╭─ THE RECORDS

lemma cesaro_pushforward_le_cap:
  assumes "P \<in> Theta M V" and "T \<in> measurable M M" and "T_invariant_cap M T V" and "B \<in> sets M"
  shows "cesaro_pushforward M T P n B \<le> V B"
proof -
  have "(\<Sum>k\<le>n. measure P ((T ^^ k) -` B \<inter> space M)) \<le> (\<Sum>k\<le>n. V B)"
  proof (intro sum_mono)
    fix k
    have "measure P ((T ^^ k) -` B \<inter> space M) \<le> V ((T ^^ k) -` B \<inter> space M)"
      using assms(1,2,4) by (simp add: Theta_def funpow_vimage_sets)
    then show "measure P ((T ^^ k) -` B \<inter> space M) \<le> V B"
      using T_invariant_cap_funpow[OF assms(2-4)] by simp
  qed
  then show ?thesis
    by (simp add: cesaro_pushforward_def divide_le_eq mult.commute)
qed

lemma cesaro_pushforward_invariant_set:
  "T \<in> measurable M M \<Longrightarrow> A \<in> invariant_sets M T \<Longrightarrow> cesaro_pushforward M T P n A = measure P A"
  by (simp add: cesaro_pushforward_def funpow_vimage_invariant_set)

lemma cesaro_pushforward_vimage:
  assumes "prob_space P" and "T \<in> measurable M M"
  shows "\<bar>cesaro_pushforward M T P n (T -` B \<inter> space M) - cesaro_pushforward M T P n B\<bar>
    \<le> 1 / real (Suc n)"
proof -
  define f where "f k = measure P ((T ^^ k) -` B \<inter> space M)" for k
  have "cesaro_pushforward M T P n (T -` B \<inter> space M) = (\<Sum>k\<le>n. f (Suc k)) / real (Suc n)"
    unfolding cesaro_pushforward_def funpow_vimage_Suc[OF assms(2)] f_def ..
  then have "cesaro_pushforward M T P n (T -` B \<inter> space M) - cesaro_pushforward M T P n B
      = (\<Sum>k\<le>n. f (Suc k) - f k) / real (Suc n)"
    by (simp add: cesaro_pushforward_def f_def sum_subtractf diff_divide_distrib)
  also have "\<dots> = (f (Suc n) - f 0) / real (Suc n)"
    by (simp add: sum_Suc_diff atMost_atLeast0)
  finally have diff: "cesaro_pushforward M T P n (T -` B \<inter> space M) - cesaro_pushforward M T P n B
      = (f (Suc n) - f 0) / real (Suc n)" .
  have f_bounds: "0 \<le> f k \<and> f k \<le> 1" for k
    using prob_space.prob_le_1[OF assms(1)] by (simp add: f_def)
  have "\<bar>f (Suc n) - f 0\<bar> \<le> 1"
    using f_bounds[of 0] f_bounds[of "Suc n"] by (auto simp: abs_le_iff)
  with diff show ?thesis
    by (simp add: abs_divide divide_right_mono)
qed

lemma upper_probability_approx:
  assumes "upper_probability M V" and "A \<in> sets M"
  obtains P where "\<And>n. P n \<in> Theta M V" and "(\<lambda>n. measure (P n) A) \<longlonglongrightarrow> V A"
proof -
  have Theta: "Theta M V \<noteq> {}" and V_SUP: "V A = (SUP P\<in>Theta M V. measure P A)"
    using assms by (auto simp: upper_probability_def)
  have le_V: "measure P A \<le> V A" if "P \<in> Theta M V" for P
    using that assms(2) by (simp add: Theta_def)
  have "\<exists>P\<in>Theta M V. V A - 1 / real (Suc n) < measure P A" for n
  proof -
    have "bdd_above ((\<lambda>P. measure P A) ` Theta M V)"
      using le_V by (intro bdd_aboveI[of _ "V A"]) auto
    moreover have "V A - 1 / real (Suc n) < (SUP P\<in>Theta M V. measure P A)"
      using V_SUP by simp
    ultimately show ?thesis
      using less_cSUP_iff[OF Theta] by blast
  qed
  then obtain P where P: "\<And>n. P n \<in> Theta M V" "\<And>n. V A - 1 / real (Suc n) < measure (P n) A"
    by metis
  have lim: "(\<lambda>n. V A - 1 / real (Suc n)) \<longlonglongrightarrow> V A"
    using tendsto_diff[OF tendsto_const LIMSEQ_inverse_real_of_nat, of "V A"]
    by (simp add: inverse_eq_divide)
  have lower: "\<forall>n. V A - 1 / real (Suc n) \<le> measure (P n) A"
    and upper: "\<forall>n. measure (P n) A \<le> V A"
    using P le_V by (auto intro: less_imp_le)
  have "(\<lambda>n. measure (P n) A) \<longlonglongrightarrow> V A"
    using real_tendsto_sandwich[OF always_eventually[OF lower] always_eventually[OF upper] lim]
    by simp
  with P(1) show ?thesis by (rule that)
qed

lemma prob_of_additive_below_continuous_cap:
  fixes \<mu> :: "'a set \<Rightarrow> real"
  assumes "continuous_cap M V"
    and nonneg: "\<And>B. B \<in> sets M \<Longrightarrow> 0 \<le> \<mu> B"
    and le_V: "\<And>B. B \<in> sets M \<Longrightarrow> \<mu> B \<le> V B"
    and space: "\<mu> (space M) = 1"
    and additive: "\<And>B C. B \<in> sets M \<Longrightarrow> C \<in> sets M \<Longrightarrow> B \<inter> C = {} \<Longrightarrow>
      \<mu> (B \<union> C) = \<mu> B + \<mu> C"
  obtains P where "P \<in> probs_on M" and "\<And>B. B \<in> sets M \<Longrightarrow> measure P B = \<mu> B"
proof -
  define P where "P = measure_of (space M) (sets M) (\<lambda>B. ennreal (\<mu> B))"
  have pos: "positive (sets M) (\<lambda>B. ennreal (\<mu> B))"
    using additive[of "{}" "{}"] by (simp add: positive_def)
  have add: "additive (sets M) (\<lambda>B. ennreal (\<mu> B))"
    by (auto simp: additive_def additive nonneg)
  have ca: "countably_additive (sets M) (\<lambda>B. ennreal (\<mu> B))"
  proof (rule sets.empty_continuous_imp_countably_additive[OF pos add])
    fix B :: "nat \<Rightarrow> 'a set"
    assume "range B \<subseteq> sets M" and "decseq B" and "(\<Inter>i. B i) = {}"
    then have lim: "(\<lambda>n. V (B n)) \<longlonglongrightarrow> 0"
      using assms(1) unfolding continuous_cap_def by blast
    have lower: "\<forall>n. 0 \<le> \<mu> (B n)" and upper: "\<forall>n. \<mu> (B n) \<le> V (B n)"
      using \<open>range B \<subseteq> sets M\<close> nonneg le_V by auto
    have "(\<lambda>n. \<mu> (B n)) \<longlonglongrightarrow> 0"
      using real_tendsto_sandwich[OF always_eventually[OF lower] always_eventually[OF upper]
          tendsto_const lim] .
    then show "(\<lambda>n. ennreal (\<mu> (B n))) \<longlonglongrightarrow> 0"
      using tendsto_ennrealI by fastforce
  qed simp
  have emeasure_P: "emeasure P B = ennreal (\<mu> B)" if "B \<in> sets M" for B
    unfolding P_def using emeasure_measure_of_sigma[OF sets.sigma_algebra_axioms pos ca that] .
  have sets_P: "sets P = sets M" and space_P: "space P = space M"
    by (simp_all add: P_def)
  have "prob_space P"
    by (rule prob_spaceI) (simp add: space_P emeasure_P space)
  then show ?thesis
    using sets_P emeasure_P nonneg by (intro that) (auto simp: probs_on_def measure_def)
qed

lemma invariant_additive_below_cap:
  assumes T: "T \<in> measurable M M" and "upper_probability M V" and "T_invariant_cap M T V"
    and A: "A \<in> invariant_sets M T"
  obtains \<mu> :: "'a set \<Rightarrow> real"
  where "\<And>B. 0 \<le> \<mu> B" and "\<And>B. B \<in> sets M \<Longrightarrow> \<mu> B \<le> V B" and "\<mu> (space M) = 1"
    and "\<And>B C. B \<in> sets M \<Longrightarrow> C \<in> sets M \<Longrightarrow> B \<inter> C = {} \<Longrightarrow> \<mu> (B \<union> C) = \<mu> B + \<mu> C"
    and "\<And>B. \<mu> (T -` B \<inter> space M) = \<mu> B" and "\<mu> A = V A"
proof -
  have "A \<in> sets M"
    using A by (simp add: invariant_sets_def)
  then obtain P where P: "\<And>n. P n \<in> Theta M V"
    and lim_A: "(\<lambda>n. measure (P n) A) \<longlonglongrightarrow> V A"
    using assms(2) upper_probability_approx by blast
  have prob: "prob_space (P n)" and sets_P: "sets (P n) = sets M" for n
    using P[of n] by (simp_all add: Theta_def probs_on_def)
  define Q where "Q n = cesaro_pushforward M T (P n) n" for n
  have bounds: "Q n B \<in> {0..1}" for n B
    unfolding Q_def by (rule cesaro_pushforward_bounds[OF prob])
  then obtain x where x: "inf (nhds x) (filtermap Q sequentially) \<noteq> bot"
    using pointwise_bounded_sequence_has_cluster_point[OF compact_Icc] by blast
  show ?thesis
  proof (rule that)
    show "0 \<le> x B" for B
      by (rule cluster_point_le[OF x, of "\<lambda>_. 0" "\<lambda>f. f B"])
        (use bounds in auto)
    show "x B \<le> V B" if "B \<in> sets M" for B
      by (rule cluster_point_le[OF x, of "\<lambda>f. f B" "\<lambda>_. V B"])
        (auto simp: Q_def cesaro_pushforward_le_cap[OF P T assms(3) that])
    show "x (space M) = 1"
      by (rule cluster_point_tendsto[OF x, of "\<lambda>f. f (space M)"])
        (simp_all add: Q_def cesaro_pushforward_space[OF prob sets_P T])
    show "x (B \<union> C) = x B + x C" if "B \<in> sets M" "C \<in> sets M" "B \<inter> C = {}" for B C
      using cluster_point_tendsto[OF x, of "\<lambda>f. f (B \<union> C) - f B - f C" 0]
      by (simp add: Q_def cesaro_pushforward_Un[OF prob sets_P T that] continuous_intros)
    show "x (T -` B \<inter> space M) = x B" for B
    proof -
      have "(\<lambda>n. Q n (T -` B \<inter> space M) - Q n B) \<longlonglongrightarrow> 0"
        using cesaro_pushforward_vimage[OF prob T]
        by (intro Lim_null_comparison[OF always_eventually LIMSEQ_inverse_real_of_nat])
          (simp add: Q_def inverse_eq_divide)
      then show ?thesis
        using cluster_point_tendsto[OF x, of "\<lambda>f. f (T -` B \<inter> space M) - f B" 0]
        by (simp add: continuous_intros)
    qed
    show "x A = V A"
      using cluster_point_tendsto[OF x, of "\<lambda>f. f A"] lim_A
      by (simp add: Q_def cesaro_pushforward_invariant_set[OF T A])
  qed
qed
lemma weak_solution_reaction_le_source:
  fixes \<Omega> :: "'n::euclidean_space set" and v f \<phi> :: "'n \<Rightarrow> real"
  assumes sol: "weak_solution s p \<epsilon> Wd \<Omega> f v"
    and \<phi>: "\<phi> \<in> H00 s \<Omega> \<inter> Lp_on \<Omega> p" "0 \<le> frac_form s \<Omega> v \<phi>"
    and \<phi>_int: "integrable lebesgue (\<lambda>x. indicator \<Omega> x * \<bar>\<phi> x\<bar>)"
    and f: "AE x in lebesgue. x \<in> \<Omega> \<longrightarrow> \<bar>f x\<bar> \<le> F" and F: "0 \<le> F"
  shows "\<epsilon> powr (- 2 * s) * (\<integral> x. indicator \<Omega> x * (Wd (v x) * \<phi> x) \<partial>lebesgue)
    \<le> F * (\<integral> x. indicator \<Omega> x * \<bar>\<phi> x\<bar> \<partial>lebesgue)"
proof -
  have "(\<integral> x. indicator \<Omega> x * (f x * \<phi> x) \<partial>lebesgue) \<le> (\<integral> x. F * (indicator \<Omega> x * \<bar>\<phi> x\<bar>) \<partial>lebesgue)"
  proof (rule integral_mono_AE')
    show "AE x in lebesgue. indicator \<Omega> x * (f x * \<phi> x) \<le> F * (indicator \<Omega> x * \<bar>\<phi> x\<bar>)"
      using f
    proof eventually_elim
      case (elim x)
      have "f x * \<phi> x \<le> \<bar>f x\<bar> * \<bar>\<phi> x\<bar>"
        by (metis abs_ge_self abs_mult)
      also have "\<dots> \<le> F * \<bar>\<phi> x\<bar>" if "x \<in> \<Omega>"
        using elim that by (intro mult_right_mono) auto
      finally show ?case by (simp add: indicator_def)
    qed
  qed (use \<phi>_int F in auto)
  moreover have "frac_form s \<Omega> v \<phi> + \<epsilon> powr (- 2 * s) * (\<integral> x. indicator \<Omega> x * (Wd (v x) * \<phi> x) \<partial>lebesgue)
      = (\<integral> x. indicator \<Omega> x * (f x * \<phi> x) \<partial>lebesgue)"
    using sol \<phi>(1) unfolding weak_solution_def by blast
  ultimately show ?thesis
    using \<phi>(2) by simp
qed

lemma AE_eq_of_integral_le_of_le:
  fixes a b :: "'a \<Rightarrow> real"
  assumes "integrable M a" "integrable M b" "integral\<^sup>L M a \<le> integral\<^sup>L M b"
    and "\<And>x. x \<in> space M \<Longrightarrow> b x \<le> a x"
  shows "AE x in M. a x = b x"
proof -
  have "integral\<^sup>L M (\<lambda>x. a x - b x) = 0"
    using assms integral_mono[OF assms(2,1)] by simp
  then have "AE x in M. a x - b x = 0"
    using assms by (subst (asm) integral_nonneg_eq_0_iff_AE) auto
  then show ?thesis by simp
qed

lemma excess_admissible:
  fixes \<Omega> :: "'n::euclidean_space set" and v :: "'n \<Rightarrow> real"
  assumes s: "0 < s" "s < 1" and p: "0 \<le> p" and \<Omega>: "bounded \<Omega>" "open \<Omega>"
    and v: "v \<in> Hhat s \<Omega>" "v \<in> Lp_on \<Omega> p"
    and \<sigma>: "\<sigma> = 1 \<or> \<sigma> = -1" and k: "0 \<le> k"
    and outside: "AE x in lebesgue. x \<notin> \<Omega> \<longrightarrow> \<bar>v x\<bar> \<le> k"
  shows "(\<lambda>x. excess \<sigma> k (v x)) \<in> H00 s \<Omega> \<inter> Lp_on \<Omega> p"
    and "0 \<le> frac_form s \<Omega> v (\<lambda>x. excess \<sigma> k (v x))"
proof -
  have [measurable]: "\<Omega> \<in> sets lebesgue" "v \<in> borel_measurable lebesgue"
    using \<Omega> v by (auto simp: Hhat_def L2loc_def fmeasurable_def intro: lmeasurable_open)
  have [measurable]: "excess \<sigma> k \<in> borel_measurable borel"
    using lipschitz_on_continuous_on[OF excess_lipschitz[OF \<sigma>]] by (rule borel_measurable_continuous_onI)
  have "AE x in lebesgue. x \<notin> \<Omega> \<longrightarrow> excess \<sigma> k (v x) = 0"
    using outside by eventually_elim (use \<sigma> in \<open>auto simp: excess_eq_0_iff[OF \<sigma>]\<close>)
  then have "(\<lambda>x. excess \<sigma> k (v x)) \<in> H00 s \<Omega>"
    using k by (intro lipschitz_comp_in_H00[OF s \<Omega> v(1) excess_lipschitz[OF \<sigma>]] abs_excess_le[OF \<sigma>])
  moreover have "(\<lambda>x. excess \<sigma> k (v x)) \<in> Lp_on \<Omega> p"
    using k p by (intro Lp_on_dominated[OF v(2)] abs_excess_le[OF \<sigma>]) auto
  ultimately show "(\<lambda>x. excess \<sigma> k (v x)) \<in> H00 s \<Omega> \<inter> Lp_on \<Omega> p" by simp
  show "0 \<le> frac_form s \<Omega> v (\<lambda>x. excess \<sigma> k (v x))"
    by (intro frac_form_nonneg[OF s] excess_monotone[OF \<sigma>])
qed
section \<open>The matrix determinant lemma\<close>

lemma det_identity_row_replaced:
  fixes v :: "real^'n"
  shows "det (\<chi> i. if i = k then v else axis i 1) = v $ k"
proof -
  have row: "row i (mat 1 :: real^'n^'n) = axis i 1" for i
    by (simp add: row_def mat_def axis_def vec_eq_iff)
  have "(\<Sum>i\<in>UNIV. v $ i *s row i (mat 1 :: real^'n^'n)) = v"
    by (simp add: row basis_expansion)
  then show ?thesis
    using cramer_lemma_transpose[of k v "mat 1 :: real^'n^'n"] by (simp only: row det_I mult_1_right)
qed

text \<open>Expanding the updated rows one at a time by linearity: the summand \<open>u$j *s v\<close> of
  row \<open>j\<close> is a multiple of row \<open>k\<close>, so its contribution vanishes.\<close>

lemma det_rank_one_rows_row_replaced:
  fixes u v :: "real^'n"
  assumes "finite T" "k \<notin> T"
  shows "det (\<chi> i. if i = k then v else if i \<in> T then axis i 1 + u $ i *s v else axis i 1) = v $ k"
  using assms
proof (induction T rule: finite_induct)
  case empty
  have "(\<chi> i. if i = k then v else if i \<in> {} then axis i 1 + u $ i *s v else axis i 1)
      = (\<chi> i. if i = k then v else axis i (1::real))"
    by (simp add: vec_eq_iff)
  then show ?case using det_identity_row_replaced[of k v] by simp
next
  case (insert j T)
  have jk: "j \<noteq> k" using insert by auto
  define C where
    "C i = (if i = k then v else if i \<in> T then axis i 1 + u $ i *s v else axis i (1::real))" for i
  have "(\<chi> i. if i = k then v else if i \<in> insert j T then axis i 1 + u $ i *s v else axis i 1)
      = (\<chi> i. if i = j then axis j 1 + u $ j *s v else C i)"
    using jk by (auto simp: C_def vec_eq_iff)
  then have "det (\<chi> i. if i = k then v else if i \<in> insert j T then axis i 1 + u $ i *s v else axis i 1)
      = det (\<chi> i. if i = j then axis j 1 else C i) + u $ j * det (\<chi> i. if i = j then v else C i)"
    by (simp add: det_row_add det_row_mul)
  also have "(\<chi> i. if i = j then axis j 1 else C i) =
      (\<chi> i. if i = k then v else if i \<in> T then axis i 1 + u $ i *s v else axis i (1::real))"
    using insert jk by (auto simp: C_def vec_eq_iff)
  also have "det (\<chi> i. if i = j then v else C i) = 0"
    by (rule det_identical_rows[OF jk]) (simp add: row_def C_def jk vec_eq_iff)
  finally show ?case using insert by simp
qed

lemma det_rank_one_rows:
  fixes u v :: "real^'n"
  assumes "finite T"
  shows "det (\<chi> i. if i \<in> T then axis i 1 + u $ i *s v else axis i 1) = 1 + (\<Sum>i\<in>T. u $ i * v $ i)"
  using assms
proof (induction T rule: finite_induct)
  case empty
  have "(\<chi> i. axis i 1) = (mat 1 :: real^'n^'n)"
    by (simp add: vec_eq_iff axis_def mat_def)
  then show ?case by simp
next
  case (insert k T)
  define D where "D i = (if i \<in> T then axis i 1 + u $ i *s v else axis i (1::real))" for i
  have "(\<chi> i. if i \<in> insert k T then axis i 1 + u $ i *s v else axis i 1)
      = (\<chi> i. if i = k then axis k 1 + u $ k *s v else D i)"
    by (auto simp: D_def vec_eq_iff)
  then have "det (\<chi> i. if i \<in> insert k T then axis i 1 + u $ i *s v else axis i 1)
      = det (\<chi> i. if i = k then axis k 1 else D i) + u $ k * det (\<chi> i. if i = k then v else D i)"
    by (simp add: det_row_add det_row_mul)
  also have "(\<chi> i. if i = k then axis k 1 else D i) =
      (\<chi> i. if i \<in> T then axis i 1 + u $ i *s v else axis i (1::real))"
    using insert by (auto simp: D_def vec_eq_iff)
  also have "det (\<chi> i. if i = k then v else D i) = v $ k"
    unfolding D_def by (rule det_rank_one_rows_row_replaced) (use insert in auto)
  finally show ?case using insert by (simp add: algebra_simps)
qed

lemma det_identity_plus_outer: "det (mat 1 + outer u v) = 1 + u \<bullet> (v::real^'n)"
proof -
  have "mat 1 + outer u v = (\<chi> i. if i \<in> UNIV then axis i 1 + u $ i *s v else axis i (1::real))"
    by (simp add: vec_eq_iff outer_def mat_def axis_def)
  then show ?thesis using det_rank_one_rows[of UNIV u v] by (simp add: inner_vec_def)
qed


section \<open>The BFGS update\<close>

definition bfgs_projection :: "real^'n \<Rightarrow> real^'n \<Rightarrow> real^'n^'n" where
  "bfgs_projection s y = mat 1 - (1 / (s \<bullet> y)) *\<^sub>R outer s y"

definition bfgs_update :: "real^'n^'n \<Rightarrow> real^'n \<Rightarrow> real^'n \<Rightarrow> real^'n^'n" where
  "bfgs_update H s y =
    bfgs_projection s y ** H ** transpose (bfgs_projection s y) + (1 / (s \<bullet> y)) *\<^sub>R outer s s"

lemma bfgs_projection_mult:
  "bfgs_projection s y *v x = x - ((y \<bullet> x) / (s \<bullet> y)) *\<^sub>R s"
  by (simp add: bfgs_projection_def matrix_vector_mult_diff_rdistrib
      scaleR_matrix_vector_assoc[symmetric] outer_mult_vector)

lemma transpose_bfgs_projection_mult:
  "transpose (bfgs_projection s y) *v x = x - ((s \<bullet> x) / (s \<bullet> y)) *\<^sub>R y"
proof -
  have "transpose (bfgs_projection s y) = mat 1 - (1 / (s \<bullet> y)) *\<^sub>R outer y s"
    by (simp add: bfgs_projection_def vec_eq_iff transpose_def outer_def mat_def)
  then show ?thesis
    by (simp add: matrix_vector_mult_diff_rdistrib scaleR_matrix_vector_assoc[symmetric]
        outer_mult_vector)
qed

lemma inner_transpose_bfgs_projection:
  assumes "s \<bullet> y \<noteq> 0"
  shows "s \<bullet> (transpose (bfgs_projection s y) *v x) = 0"
  using assms by (simp add: transpose_bfgs_projection_mult inner_diff_right)

lemma bfgs_update_mult:
  "bfgs_update H s y *v x =
    bfgs_projection s y *v (H *v (transpose (bfgs_projection s y) *v x)) + ((s \<bullet> x) / (s \<bullet> y)) *\<^sub>R s"
  by (simp add: bfgs_update_def matrix_vector_mult_add_rdistrib matrix_vector_mul_assoc matrix_mul_assoc
      scaleR_matrix_vector_assoc[symmetric] outer_mult_vector)

lemma symmetric_bfgs_update:
  assumes "transpose H = H"
  shows "transpose (bfgs_update H s y) = bfgs_update H s y"
  using assms
  by (simp add: bfgs_update_def transpose_add_scaleR transpose_outer matrix_transpose_mul matrix_mul_assoc)

lemma bfgs_update_quadratic_form:
  fixes H :: "real^'n^'n" and s y x :: "real^'n"
  assumes "s \<bullet> y \<noteq> 0"
  defines "z \<equiv> transpose (bfgs_projection s y) *v x"
  shows "x \<bullet> (bfgs_update H s y *v x) = z \<bullet> (H *v z) + (s \<bullet> x)\<^sup>2 / (s \<bullet> y)"
  by (simp add: bfgs_update_mult inner_add_right inner_matrix_vector_transpose[of x] z_def
      power2_eq_square inner_commute)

╰─

* _WHAT IS NEEDED_: Beginning at the top of the data, please return every line until and including the line containing "define f where", copied exactly, and nothing past it.

* _REPLY_:
lemma cesaro_pushforward_le_cap:
  assumes "P \<in> Theta M V" and "T \<in> measurable M M" and "T_invariant_cap M T V" and "B \<in> sets M"
  shows "cesaro_pushforward M T P n B \<le> V B"
proof -
  have "(\<Sum>k\<le>n. measure P ((T ^^ k) -` B \<inter> space M)) \<le> (\<Sum>k\<le>n. V B)"
  proof (intro sum_mono)
    fix k
    have "measure P ((T ^^ k) -` B \<inter> space M) \<le> V ((T ^^ k) -` B \<inter> space M)"
      using assms(1,2,4) by (simp add: Theta_def funpow_vimage_sets)
    then show "measure P ((T ^^ k) -` B \<inter> space M) \<le> V B"
      using T_invariant_cap_funpow[OF assms(2-4)] by simp
  qed
  then show ?thesis
    by (simp add: cesaro_pushforward_def divide_le_eq mult.commute)
qed

lemma cesaro_pushforward_invariant_set:
  "T \<in> measurable M M \<Longrightarrow> A \<in> invariant_sets M T \<Longrightarrow> cesaro_pushforward M T P n A = measure P A"
  by (simp add: cesaro_pushforward_def funpow_vimage_invariant_set)

lemma cesaro_pushforward_vimage:
  assumes "prob_space P" and "T \<in> measurable M M"
  shows "\<bar>cesaro_pushforward M T P n (T -` B \<inter> space M) - cesaro_pushforward M T P n B\<bar>
    \<le> 1 / real (Suc n)"
proof -
  define f where "f k = measure P ((T ^^ k) -` B \<inter> space M)" for k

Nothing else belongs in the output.